* Problem requirements
Output the data below line for line, exactly, up to and including the line where "(auto simp: order.not_eq_order_implies_strict)" appears.

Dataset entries
################
lemma card_V_of_le:
  fixes U :: "'a::linorder set"
  assumes U: "finite U"
  shows "card (V_of k U) \<le> card U - k"
proof -
  have "inj_on Min (V_of k U)" using consecutive_eq_if_Min_eq[OF U] by (intro inj_onI)
  then have "card (V_of k U) = card (Min ` V_of k U)" by (simp add: card_image)
  also have "\<dots> \<le> card {a\<in>U. k \<le> card {x\<in>U. a < x}}"
  proof (rule card_mono)
    show "finite {a\<in>U. k \<le> card {x\<in>U. a < x}}" using U by simp
    show "Min ` V_of k U \<subseteq> {a\<in>U. k \<le> card {x\<in>U. a < x}}"
    proof
      fix a assume "a \<in> Min ` V_of k U"
      then obtain V where V: "consecutive V U" "card V = k + 1" "a = Min V"
        unfolding V_of_def by auto
      then have sV: "V \<subseteq> U" and fV: "finite V" "V \<noteq> {}"
        unfolding consecutive_def using U by (auto intro: finite_subset)
      then have aV: "a \<in> V" using V by auto
      have "V - {a} \<subseteq> {x\<in>U. a < x}" using sV V fV by (auto simp: order.not_eq_order_implies_strict)
      then have "card (V - {a}) \<le> card {x\<in>U. a < x}" using U by (intro card_mono) auto
      moreover have "card (V - {a}) = k" using aV fV V by simp
      ultimately show "a \<in> {a\<in>U. k \<le> card {x\<in>U. a < x}}" using aV sV by auto
    qed
  qed
  also have "\<dots> \<le> card U - k" by (rule card_elements_with_k_larger[OF U])
  finally show ?thesis .
qed

definition upper_shadow :: "'a set \<Rightarrow> nat \<Rightarrow> 'a set set \<Rightarrow> 'a set set" where
  "upper_shadow E m \<X> = {W. W \<subseteq> E \<and> card W = Suc m \<and> (\<exists>D\<in>\<X>. D \<subseteq> W)}"

lemma finite_upper_shadow: "finite E \<Longrightarrow> finite (upper_shadow E m \<X>)"
  unfolding upper_shadow_def by (rule finite_subset[of _ "Pow E"]) auto

lemma card_one_point_extensions:
  assumes E: "finite E" and D: "D \<subseteq> E" "card D = m"
  shows "card {W. W \<subseteq> E \<and> card W = Suc m \<and> D \<subseteq> W} = card E - m"
proof -
  have finD: "finite D" using D E finite_subset by blast
  have "{W. W \<subseteq> E \<and> card W = Suc m \<and> D \<subseteq> W} = (\<lambda>e. insert e D) ` (E - D)"
  proof
    show "(\<lambda>e. insert e D) ` (E - D) \<subseteq> {W. W \<subseteq> E \<and> card W = Suc m \<and> D \<subseteq> W}"
      using D finD by auto
    show "{W. W \<subseteq> E \<and> card W = Suc m \<and> D \<subseteq> W} \<subseteq> (\<lambda>e. insert e D) ` (E - D)"
    proof
      fix W assume W: "W \<in> {W. W \<subseteq> E \<and> card W = Suc m \<and> D \<subseteq> W}"
      then have "card (W - D) = 1" using D finD E by (simp add: card_Diff_subset finite_subset)
      then obtain e where e: "W - D = {e}" by (auto simp: card_Suc_eq)
      then show "W \<in> (\<lambda>e. insert e D) ` (E - D)" using W by (intro image_eqI[of _ _ e]) auto
    qed
  qed
  moreover have "inj_on (\<lambda>e. insert e D) (E - D)" by (intro inj_onI) auto
  ultimately show ?thesis using D finD by (simp add: card_image card_Diff_subset)
qed

lemma local_LYM:
  assumes E: "finite E" and \<X>: "\<X> \<subseteq> {S. S \<subseteq> E \<and> card S = m}"
  shows "(card E - m) * card \<X> \<le> Suc m * card (upper_shadow E m \<X>)"
proof -
  define \<W> where "\<W> = upper_shadow E m \<X>"
  have fin: "finite \<X>" "finite \<W>"
    using \<X> E finite_subset[of \<X> "Pow E"] finite_upper_shadow unfolding \<W>_def by auto
  have "(card E - m) * card \<X> = (\<Sum>D\<in>\<X>. card {W\<in>\<W>. D \<subseteq> W})"
  proof -
    have "card {W\<in>\<W>. D \<subseteq> W} = card E - m" if "D \<in> \<X>" for D
    proof -
      have "{W\<in>\<W>. D \<subseteq> W} = {W. W \<subseteq> E \<and> card W = Suc m \<and> D \<subseteq> W}"
        unfolding \<W>_def upper_shadow_def using that by auto
      then show ?thesis using card_one_point_extensions[OF E] that \<X> by auto
    qed
    then show ?thesis by simp
  qed
  also have "\<dots> = card (SIGMA D:\<X>. {W\<in>\<W>. D \<subseteq> W})" using fin by (simp add: card_SigmaI)
  also have "\<dots> = card (SIGMA W:\<W>. {D\<in>\<X>. D \<subseteq> W})"
    by (rule bij_betw_same_card[of "\<lambda>(a, b). (b, a)"]) (auto simp: bij_betw_def inj_on_def)
  also have "\<dots> = (\<Sum>W\<in>\<W>. card {D\<in>\<X>. D \<subseteq> W})" using fin by (simp add: card_SigmaI)
  also have "\<dots> \<le> (\<Sum>W\<in>\<W>. Suc m)"
  proof (rule sum_mono)
    fix W assume W: "W \<in> \<W>"
    then have finW: "finite W" using E finite_subset unfolding \<W>_def upper_shadow_def by blast
    have "card {D\<in>\<X>. D \<subseteq> W} \<le> card {D. D \<subseteq> W \<and> card D = m}"
      using \<X> finW by (intro card_mono) auto
    also have "\<dots> = Suc m" using W n_subsets[OF finW] unfolding \<W>_def upper_shadow_def by simp
    finally show "card {D\<in>\<X>. D \<subseteq> W} \<le> Suc m" .
  qed
  finally show ?thesis unfolding \<W>_def by (simp add: mult.commute)
qed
################
* Your solution
lemma card_V_of_le:
  fixes U :: "'a::linorder set"
  assumes U: "finite U"
  shows "card (V_of k U) \<le> card U - k"
proof -
  have "inj_on Min (V_of k U)" using consecutive_eq_if_Min_eq[OF U] by (intro inj_onI)
  then have "card (V_of k U) = card (Min ` V_of k U)" by (simp add: card_image)
  also have "\<dots> \<le> card {a\<in>U. k \<le> card {x\<in>U. a < x}}"
  proof (rule card_mono)
    show "finite {a\<in>U. k \<le> card {x\<in>U. a < x}}" using U by simp
    show "Min ` V_of k U \<subseteq> {a\<in>U. k \<le> card {x\<in>U. a < x}}"
    proof
      fix a assume "a \<in> Min ` V_of k U"
      then obtain V where V: "consecutive V U" "card V = k + 1" "a = Min V"
        unfolding V_of_def by auto
      then have sV: "V \<subseteq> U" and fV: "finite V" "V \<noteq> {}"
        unfolding consecutive_def using U by (auto intro: finite_subset)
      then have aV: "a \<in> V" using V by auto
      have "V - {a} \<subseteq> {x\<in>U. a < x}" using sV V fV by (auto simp: order.not_eq_order_implies_strict)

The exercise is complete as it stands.